For this exercise, return all the data exactly as it stands.

----- Record extracts -----

(* Suppose that a long theta with apexes $u$ and $v$ is the underlying graph of some oriented graph $G$ derived from a Burling tree $(T,r,\ell,c)$. Then for every hole $H$ of $G$, exactly one of $u$ and $v$ is the pivot of $H$.
   Context: Graphs are finite, without loops or multiple edges; oriented graphs have no pair of opposite arcs. A hole is an induced cycle of length at least $4$. A theta is a graph made of three internally vertex-disjoint paths of length at least $2$, each linking two vertices $u$ and $v$ (the apexes), with no edges other than those of the three paths. A long theta is a theta in which all three paths have length at least $3$. In a rooted tree $T$ with root $r$, each non-root vertex $v$ has a parent $p(v)$; children, leaves, ancestors and descendants are as usual. A branch is a sequence $v_1\dots v_k$ ($k\ge0$) with $v_i$ the parent of $v_{i+1}$; it starts at $v_1$. A Burling tree is a 4-tuple $(T,r,\ell,c)$: $T$ a rooted tree with root $r$; $\ell$ assigns to each non-leaf vertex $v$ one of its children $\ell(v)$ (the last-born of $v$); $c$ assigns to every vertex $v$ that is neither the root nor a last-born the vertex-set of a (possibly empty) branch starting at $\ell(p(v))$, and $c(v)=\emptyset$ if $v$ is the root or a last-born. The oriented graph fully derived from it has vertex-set $V(T)$ and an arc $uv$ iff $v\in c(u)$; an oriented graph is derived from the Burling tree if it is an induced subgraph of the fully derived one. A hole of an oriented graph means a hole of its underlying graph. If $G$ is derived from $T$ and $H$ is a hole of $G$, then (as established in the paper) $H$ with the inherited orientation has exactly two sources, called its antennas, and exactly two sinks; exactly one of these sinks is adjacent to both antennas and is an ancestor in $T$ of all vertices of $H$ other than the antennas: it is the pivot of $H$. *)

theory Defs
  imports Main
begin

-----

### Result of the task
(* Suppose that a long theta with apexes $u$ and $v$ is the underlying graph of some oriented graph $G$ derived from a Burling tree $(T,r,\ell,c)$. Then for every hole $H$ of $G$, exactly one of $u$ and $v$ is the pivot of $H$.
   Context: Graphs are finite, without loops or multiple edges; oriented graphs have no pair of opposite arcs. A hole is an induced cycle of length at least $4$. A theta is a graph made of three internally vertex-disjoint paths of length at least $2$, each linking two vertices $u$ and $v$ (the apexes), with no edges other than those of the three paths. A long theta is a theta in which all three paths have length at least $3$. In a rooted tree $T$ with root $r$, each non-root vertex $v$ has a parent $p(v)$; children, leaves, ancestors and descendants are as usual. A branch is a sequence $v_1\dots v_k$ ($k\ge0$) with $v_i$ the parent of $v_{i+1}$; it starts at $v_1$. A Burling tree is a 4-tuple $(T,r,\ell,c)$: $T$ a rooted tree with root $r$; $\ell$ assigns to each non-leaf vertex $v$ one of its children $\ell(v)$ (the last-born of $v$); $c$ assigns to every vertex $v$ that is neither the root nor a last-born the vertex-set of a (possibly empty) branch starting at $\ell(p(v))$, and $c(v)=\emptyset$ if $v$ is the root or a last-born. The oriented graph fully derived from it has vertex-set $V(T)$ and an arc $uv$ iff $v\in c(u)$; an oriented graph is derived from the Burling tree if it is an induced subgraph of the fully derived one. A hole of an oriented graph means a hole of its underlying graph. If $G$ is derived from $T$ and $H$ is a hole of $G$, then (as established in the paper) $H$ with the inherited orientation has exactly two sources, called its antennas, and exactly two sinks; exactly one of these sinks is adjacent to both antennas and is an ancestor in $T$ of all vertices of $H$ other than the antennas: it is the pivot of $H$. *)

theory Defs
  imports Main
begin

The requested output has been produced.